This work addresses the challenge of efficiently generating vector-length-agnostic (VLA) machine learning code for scalable vector instruction sets such as Arm SVE, where unknown vector lengths at compile time hinder traditional compilers. The authors present the first end-to-end VLA support in MLIR/IREE, introducing a vector-length-aware compact data layout and unifying dynamic tiling, operator fusion, and scalable vectorization within a single compilation framework. Evaluated on Arm CPUs, the generated SVE code achieves up to 1.45× speedup over IREE’s NEON implementation, outperforms multiple frameworks in the PyTorch ecosystem, and demonstrates strong scalability with increasing vector lengths in simulation, effectively balancing performance and hardware portability.
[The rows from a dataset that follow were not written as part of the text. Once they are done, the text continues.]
(* For every integer $h\ge2$, the numerical semigroup $\Gamma_{A_h}=\langle h(h+1),\,h(h+1)+1,\,(h+1)^2,\,(h+1)^2+1\rangle$ is homogeneous.
   Context: For a numerical semigroup $\Gamma=\langle n_1,\dots,n_e\rangle$ (minimally generated, here with $n_1=h(h+1)$) and $0\neq s\in\Gamma$, the set of lengths is $\mathcal T(s)=\{\sum_i r_i : s=\sum_i r_in_i,\ r_i\in\mathbb{N}\}$. A subset $T\subset\Gamma$ is homogeneous if it is empty or $\mathcal T(s)$ is a singleton for all $0\neq s\in T$. $\Gamma$ is homogeneous if the Apéry set $\mathrm{Ap}(\Gamma,n_1)=\{s\in\Gamma: s-n_1\notin\Gamma\}$ is homogeneous. *)

theory Defs
  imports Main
begin

text \<open>A numerical semigroup is given by its (minimal) list of generators
  ns = [n_1, ..., n_e].  A factorization of s is a list r of natural numbers
  of the same length with s = sum_i r_i n_i.\<close>

definition factorizations :: "nat list \<Rightarrow> nat \<Rightarrow> nat list set" where
  "factorizations ns s =
     {r. length r = length ns \<and> s = (\<Sum>i<length ns. r ! i * ns ! i)}"

definition semigroup_gen :: "nat list \<Rightarrow> nat set" where
  "semigroup_gen ns = {s. factorizations ns s \<noteq> {}}"

definition lengths :: "nat list \<Rightarrow> nat \<Rightarrow> nat set" where
  "lengths ns s = {sum_list r | r. r \<in> factorizations ns s}"

definition apery :: "nat list \<Rightarrow> nat set" where
  "apery ns = {s \<in> semigroup_gen ns.
                \<not> (hd ns \<le> s \<and> s - hd ns \<in> semigroup_gen ns)}"

definition homogeneous_set :: "nat list \<Rightarrow> nat set \<Rightarrow> bool" where
  "homogeneous_set ns T \<longleftrightarrow>
     T = {} \<or> (\<forall>s\<in>T. s \<noteq> 0 \<longrightarrow> (\<exists>l. lengths ns s = {l}))"

definition homogeneous_semigroup :: "nat list \<Rightarrow> bool" where
  "homogeneous_semigroup ns \<longleftrightarrow> homogeneous_set ns (apery ns)"

end

theory Submission
  imports Defs
begin

(* With a = h(h+1) the generators are a, a+1, a+h+1, a+h+2, so a factorization (x0,x1,x2,x3)
   of s of length L gives s = L a + e with excess e = x1 + (h+1) x2 + (h+2) x3.  An element of
   the Apery set has no factorization using a, and the exchanges
     (a+1) + (a+h+1) = a + (a+h+2),
     c (a+h+1) + d (a+h+2) = (c+1) a + d (a+1)                  for c + d = h,
     (k+2) (a+1) + x3 (a+h+2) = (k+1) a + (x3+1) (a+h+1)        for h = x3 + k + 1
   show x1 x2 = 0, x2 + x3 < h and x1 + x3 <= h.  These force e < a, so every factorization
   of s has length s div a. *)

lemma factorizations_Nil: "factorizations [] s = (if s = 0 then {[]} else {})"
  by (auto simp: factorizations_def)

lemma factorizations_Cons:
  "r \<in> factorizations (n # ns) s \<longleftrightarrow>
   (\<exists>x rs t. r = x # rs \<and> rs \<in> factorizations ns t \<and> s = x * n + t)"
  by (cases r) (auto simp: factorizations_def sum.lessThan_Suc_shift simp del: sum.lessThan_Suc)

lemma factorizations_four:
  "r \<in> factorizations [a, b, c, d] s \<longleftrightarrow>
   (\<exists>x0 x1 x2 x3. r = [x0, x1, x2, x3] \<and> s = x0 * a + x1 * b + x2 * c + x3 * d)"
  by (auto simp: factorizations_Cons factorizations_Nil)

lemma apery_factorization_hd_eq_0:
  assumes "s \<in> apery (n # ns)" and "x # rs \<in> factorizations (n # ns) s"
  shows "x = 0"
proof (rule ccontr)
  assume "x \<noteq> 0"
  then obtain y where "x = Suc y"
    using not0_implies_Suc by blast
  moreover from assms(2) obtain t where "rs \<in> factorizations ns t" "s = x * n + t"
    by (auto simp: factorizations_Cons)
  ultimately have "y # rs \<in> factorizations (n # ns) (s - n)" and "n \<le> s"
    by (auto simp: factorizations_Cons)
  with assms(1) show False
    by (auto simp: apery_def semigroup_gen_def)
qed

lemma lengths_eq_singletonI:
  assumes "s \<in> semigroup_gen ns" and "\<And>r. r \<in> factorizations ns s \<Longrightarrow> sum_list r = l"
  shows "lengths ns s = {l}"
  using assms by (auto simp: lengths_def semigroup_gen_def)

lemma apery_four_coeff0_eq_0:
  assumes "s \<in> apery [a, b, c, d]" and "s = x0 * a + x1 * b + x2 * c + x3 * d"
  shows "x0 = 0"
proof -
  have "[x0, x1, x2, x3] \<in> factorizations [a, b, c, d] s"
    using assms(2) by (simp add: factorizations_four)
  with assms(1) show ?thesis
    by (rule apery_factorization_hd_eq_0)
qed

lemma apery_Ah_excess_less:
  fixes h a :: nat
  assumes "0 < h" and a: "a = h * (h + 1)"
    and s_apery: "s \<in> apery [a, a + 1, a + h + 1, a + h + 2]"
    and s: "s = x0 * a + x1 * (a + 1) + x2 * (a + h + 1) + x3 * (a + h + 2)"
  shows "x0 = 0 \<and> x1 + x2 * (h + 1) + x3 * (h + 2) < a"
proof -
  have no_a: "y0 = 0"
    if "s = y0 * a + y1 * (a + 1) + y2 * (a + h + 1) + y3 * (a + h + 2)" for y0 y1 y2 y3
    using s_apery that by (rule apery_four_coeff0_eq_0)
  have x0: "x0 = 0"
    using s by (rule no_a)
  have x1_x2: "x1 = 0 \<or> x2 = 0"
  proof (rule ccontr)
    assume "\<not> (x1 = 0 \<or> x2 = 0)"
    then obtain y1 y2 where "x1 = Suc y1" "x2 = Suc y2"
      by (metis not0_implies_Suc)
    with s x0 have "s = Suc 0 * a + y1 * (a + 1) + y2 * (a + h + 1) + Suc x3 * (a + h + 2)"
      by (simp add: algebra_simps)
    then show False
      using no_a by blast
  qed
  have x2_x3: "x2 + x3 < h"
  proof (rule ccontr)
    assume "\<not> x2 + x3 < h"
    then have "h = (h - min x3 h) + min x3 h" "x2 = (h - min x3 h) + (x2 - (h - min x3 h))"
      "x3 = min x3 h + (x3 - min x3 h)"
      by auto
    then obtain c d y2 y3 where h: "h = c + d" and "x2 = c + y2" "x3 = d + y3"
      by blast
    with s x0 a have "s = Suc c * a + (x1 + d) * (a + 1) + y2 * (a + h + 1) + y3 * (a + h + 2)"
      by (simp add: algebra_simps)
    then show False
      using no_a by blast
  qed
  have x1_x3: "x1 + x3 \<le> h"
  proof (rule ccontr)
    assume "\<not> x1 + x3 \<le> h"
    from x2_x3 obtain k where h: "h = Suc (x3 + k)"
      using less_imp_Suc_add by fastforce
    with \<open>\<not> x1 + x3 \<le> h\<close> have "x1 = k + 2 + (x1 - (k + 2))"
      by simp
    then obtain y1 where "x1 = k + 2 + y1"
      by blast
    with s x0 a h have "s = Suc k * a + y1 * (a + 1) + (x2 + x3 + 1) * (a + h + 1) + 0 * (a + h + 2)"
      by (simp add: algebra_simps)
    then show False
      using no_a by blast
  qed
  have "x1 + x2 * (h + 1) + x3 * (h + 2) < a"
    using x1_x2
  proof
    assume "x1 = 0"
    have "x2 * (h + 1) + x3 * (h + 2) \<le> (x2 + x3) * (h + 2)"
      by (simp add: algebra_simps)
    also have "\<dots> \<le> (h - 1) * (h + 2)"
      using x2_x3 by (intro mult_le_mono1) simp
    also have "\<dots> < a"
      using \<open>0 < h\<close> a by (cases h) (simp_all add: algebra_simps)
    finally show ?thesis
      using \<open>x1 = 0\<close> by simp
  next
    assume "x2 = 0"
    have "x1 + x3 * (h + 2) = (x1 + x3) + x3 * (h + 1)"
      by (simp add: algebra_simps)
    also have "\<dots> \<le> h + (h - 1) * (h + 1)"
      using x1_x3 x2_x3 \<open>x2 = 0\<close> by (intro add_mono mult_le_mono1) simp_all
    also have "\<dots> < a"
      using \<open>0 < h\<close> a by (cases h) (simp_all add: algebra_simps)
    finally show ?thesis
      using \<open>x2 = 0\<close> by simp
  qed
  with x0 show ?thesis ..
qed

lemma apery_Ah_factorization_length:
  fixes h a :: nat
  assumes "0 < h" and a: "a = h * (h + 1)"
    and "s \<in> apery [a, a + 1, a + h + 1, a + h + 2]"
    and "r \<in> factorizations [a, a + 1, a + h + 1, a + h + 2] s"
  shows "sum_list r = s div a"
proof -
  obtain x0 x1 x2 x3 where r: "r = [x0, x1, x2, x3]"
    and s: "s = x0 * a + x1 * (a + 1) + x2 * (a + h + 1) + x3 * (a + h + 2)"
    using assms(4) by (auto simp: factorizations_four)
  then have "x0 = 0" and excess: "x1 + x2 * (h + 1) + x3 * (h + 2) < a"
    using apery_Ah_excess_less[OF assms(1-3)] by blast+
  with s have "s = (x1 + x2 + x3) * a + (x1 + x2 * (h + 1) + x3 * (h + 2))"
    by (simp add: algebra_simps)
  with excess have "s div a = x1 + x2 + x3"
    by simp
  with r \<open>x0 = 0\<close> show ?thesis
    by simp
qed

theorem mainTheorem5:
  fixes h :: nat
  assumes "h \<ge> 2"
  shows "homogeneous_semigroup
           [h * (h + 1), h * (h + 1) + 1, (h + 1)^2, (h + 1)^2 + 1]"
proof -
  define a where "a = h * (h + 1)"
  have gens: "[h * (h + 1), h * (h + 1) + 1, (h + 1)^2, (h + 1)^2 + 1] =
      [a, a + 1, a + h + 1, a + h + 2]"
    by (simp add: a_def power2_eq_square algebra_simps)
  have "lengths [a, a + 1, a + h + 1, a + h + 2] s = {s div a}"
    if "s \<in> apery [a, a + 1, a + h + 1, a + h + 2]" for s
  proof (rule lengths_eq_singletonI)
    show "s \<in> semigroup_gen [a, a + 1, a + h + 1, a + h + 2]"
      using that by (simp add: apery_def)
    show "sum_list r = s div a" if "r \<in> factorizations [a, a + 1, a + h + 1, a + h + 2] s" for r
      using apery_Ah_factorization_length \<open>h \<ge> 2\<close> a_def
        \<open>s \<in> apery [a, a + 1, a + h + 1, a + h + 2]\<close> that by simp
  qed
  then show ?thesis
    unfolding gens homogeneous_semigroup_def homogeneous_set_def by blast
qed

end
Scalable vector instruction sets such as Arm SVE enable vector-length-agnostic (VLA) execution, allowing a single implementation to adapt across hardware with different vector lengths. However, they complicate compiler code generation, as tiling and data layout decisions can no longer be fixed at compile time. We present an approach for enabling VLA code generation in an end-to-end ML compilation pipeline through vector-length-aware packed data layouts and corresponding compiler extensions. We integrate these mechanisms into MLIR/IREE and extend tiling, fusion, and vectorization to operate with scalable vector lengths. Evaluated on real-world ML workloads on Arm CPUs, our approach generates SVE code that is competitive with, and often outperforms, existing NEON-based code generation within IREE, achieving up to $1.45\times$ speedup. We also outperform PyTorch ecosystem frameworks, including ExecuTorch, TorchInductor, and eager execution, demonstrating the effectiveness of scalable vectorization in a production compiler setting. A simulator-based study further shows that the generated code scales with increasing SVE vector length on compute-bound workloads, supporting performance portability across hardware configurations.